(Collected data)
====

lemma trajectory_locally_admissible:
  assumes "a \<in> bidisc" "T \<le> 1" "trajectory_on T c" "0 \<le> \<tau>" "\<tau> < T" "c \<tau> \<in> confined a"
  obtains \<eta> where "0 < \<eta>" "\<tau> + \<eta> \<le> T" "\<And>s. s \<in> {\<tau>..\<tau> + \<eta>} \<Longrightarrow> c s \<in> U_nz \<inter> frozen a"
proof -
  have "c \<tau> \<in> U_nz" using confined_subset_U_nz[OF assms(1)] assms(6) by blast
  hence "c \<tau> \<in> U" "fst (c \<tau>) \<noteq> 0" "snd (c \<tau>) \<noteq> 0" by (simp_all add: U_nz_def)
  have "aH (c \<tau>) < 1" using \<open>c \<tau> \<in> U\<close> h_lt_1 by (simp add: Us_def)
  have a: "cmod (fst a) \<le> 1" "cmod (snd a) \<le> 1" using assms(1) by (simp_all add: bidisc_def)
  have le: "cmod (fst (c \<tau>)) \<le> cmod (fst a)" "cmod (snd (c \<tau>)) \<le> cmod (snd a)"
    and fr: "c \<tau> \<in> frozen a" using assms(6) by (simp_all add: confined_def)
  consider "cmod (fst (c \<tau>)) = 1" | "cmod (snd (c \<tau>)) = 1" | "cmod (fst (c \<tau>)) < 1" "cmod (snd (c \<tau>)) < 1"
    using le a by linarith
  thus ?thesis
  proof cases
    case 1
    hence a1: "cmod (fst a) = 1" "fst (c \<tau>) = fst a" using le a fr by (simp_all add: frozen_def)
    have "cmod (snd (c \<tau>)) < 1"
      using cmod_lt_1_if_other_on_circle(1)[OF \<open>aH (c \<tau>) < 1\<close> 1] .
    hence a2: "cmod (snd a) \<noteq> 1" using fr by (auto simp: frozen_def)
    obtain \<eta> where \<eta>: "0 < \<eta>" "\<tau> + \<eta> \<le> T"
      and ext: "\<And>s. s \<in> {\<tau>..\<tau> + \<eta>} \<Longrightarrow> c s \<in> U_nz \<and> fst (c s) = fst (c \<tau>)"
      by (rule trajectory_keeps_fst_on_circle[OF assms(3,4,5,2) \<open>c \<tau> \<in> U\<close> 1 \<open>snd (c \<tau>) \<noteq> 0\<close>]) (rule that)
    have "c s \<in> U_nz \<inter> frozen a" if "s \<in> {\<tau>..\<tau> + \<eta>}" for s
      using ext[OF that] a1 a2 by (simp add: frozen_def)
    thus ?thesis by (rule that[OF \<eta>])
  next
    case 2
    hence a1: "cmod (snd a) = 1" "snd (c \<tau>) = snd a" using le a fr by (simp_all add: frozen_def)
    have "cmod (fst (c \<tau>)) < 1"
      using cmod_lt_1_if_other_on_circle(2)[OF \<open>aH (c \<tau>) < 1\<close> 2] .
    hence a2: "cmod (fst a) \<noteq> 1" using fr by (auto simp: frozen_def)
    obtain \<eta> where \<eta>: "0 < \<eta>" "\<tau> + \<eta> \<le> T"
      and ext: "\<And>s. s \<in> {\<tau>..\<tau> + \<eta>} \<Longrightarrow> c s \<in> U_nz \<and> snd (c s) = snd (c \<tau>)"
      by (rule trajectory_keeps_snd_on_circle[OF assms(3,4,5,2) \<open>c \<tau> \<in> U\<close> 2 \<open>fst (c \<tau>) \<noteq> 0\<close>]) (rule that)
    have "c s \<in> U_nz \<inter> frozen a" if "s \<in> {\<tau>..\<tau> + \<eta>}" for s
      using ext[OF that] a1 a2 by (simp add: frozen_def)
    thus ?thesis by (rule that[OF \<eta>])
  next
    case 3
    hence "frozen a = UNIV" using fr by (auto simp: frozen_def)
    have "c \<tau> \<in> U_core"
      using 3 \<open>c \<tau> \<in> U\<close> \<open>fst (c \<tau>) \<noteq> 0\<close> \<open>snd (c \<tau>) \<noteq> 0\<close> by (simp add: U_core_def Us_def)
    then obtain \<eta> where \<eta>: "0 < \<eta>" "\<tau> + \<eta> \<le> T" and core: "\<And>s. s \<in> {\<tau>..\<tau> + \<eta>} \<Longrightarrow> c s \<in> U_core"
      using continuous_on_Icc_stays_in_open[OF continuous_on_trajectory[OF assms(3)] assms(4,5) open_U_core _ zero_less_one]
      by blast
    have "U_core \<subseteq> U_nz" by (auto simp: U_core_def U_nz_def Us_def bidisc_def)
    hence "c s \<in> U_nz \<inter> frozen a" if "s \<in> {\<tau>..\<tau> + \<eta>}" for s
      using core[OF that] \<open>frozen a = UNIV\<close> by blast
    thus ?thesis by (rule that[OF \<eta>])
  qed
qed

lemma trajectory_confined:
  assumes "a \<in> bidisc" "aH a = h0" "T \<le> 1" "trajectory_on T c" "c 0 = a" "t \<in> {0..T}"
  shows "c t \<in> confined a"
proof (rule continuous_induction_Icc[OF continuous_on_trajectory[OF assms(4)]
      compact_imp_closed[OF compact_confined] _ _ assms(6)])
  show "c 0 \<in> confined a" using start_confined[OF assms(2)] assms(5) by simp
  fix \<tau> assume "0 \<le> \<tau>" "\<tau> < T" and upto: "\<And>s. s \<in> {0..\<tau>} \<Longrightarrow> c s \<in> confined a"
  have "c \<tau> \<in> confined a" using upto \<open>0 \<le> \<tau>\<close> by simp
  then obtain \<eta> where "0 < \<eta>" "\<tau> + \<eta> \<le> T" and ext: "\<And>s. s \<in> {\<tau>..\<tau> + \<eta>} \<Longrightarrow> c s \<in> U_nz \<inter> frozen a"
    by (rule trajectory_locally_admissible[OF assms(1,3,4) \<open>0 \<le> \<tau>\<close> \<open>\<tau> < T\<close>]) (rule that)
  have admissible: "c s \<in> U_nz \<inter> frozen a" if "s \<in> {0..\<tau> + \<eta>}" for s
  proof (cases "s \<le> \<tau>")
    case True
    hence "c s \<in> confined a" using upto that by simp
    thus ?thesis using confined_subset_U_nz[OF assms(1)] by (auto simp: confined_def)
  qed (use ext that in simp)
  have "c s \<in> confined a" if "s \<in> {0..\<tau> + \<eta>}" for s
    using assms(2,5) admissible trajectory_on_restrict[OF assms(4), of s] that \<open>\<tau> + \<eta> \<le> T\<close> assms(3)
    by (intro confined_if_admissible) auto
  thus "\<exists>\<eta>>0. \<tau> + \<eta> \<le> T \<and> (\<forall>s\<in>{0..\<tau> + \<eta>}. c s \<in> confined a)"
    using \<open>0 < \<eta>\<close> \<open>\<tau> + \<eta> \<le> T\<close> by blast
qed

====

## [What needs to be done]
Across the data above, count every line with "inter" in it and write only the total.

## [Answer space]
6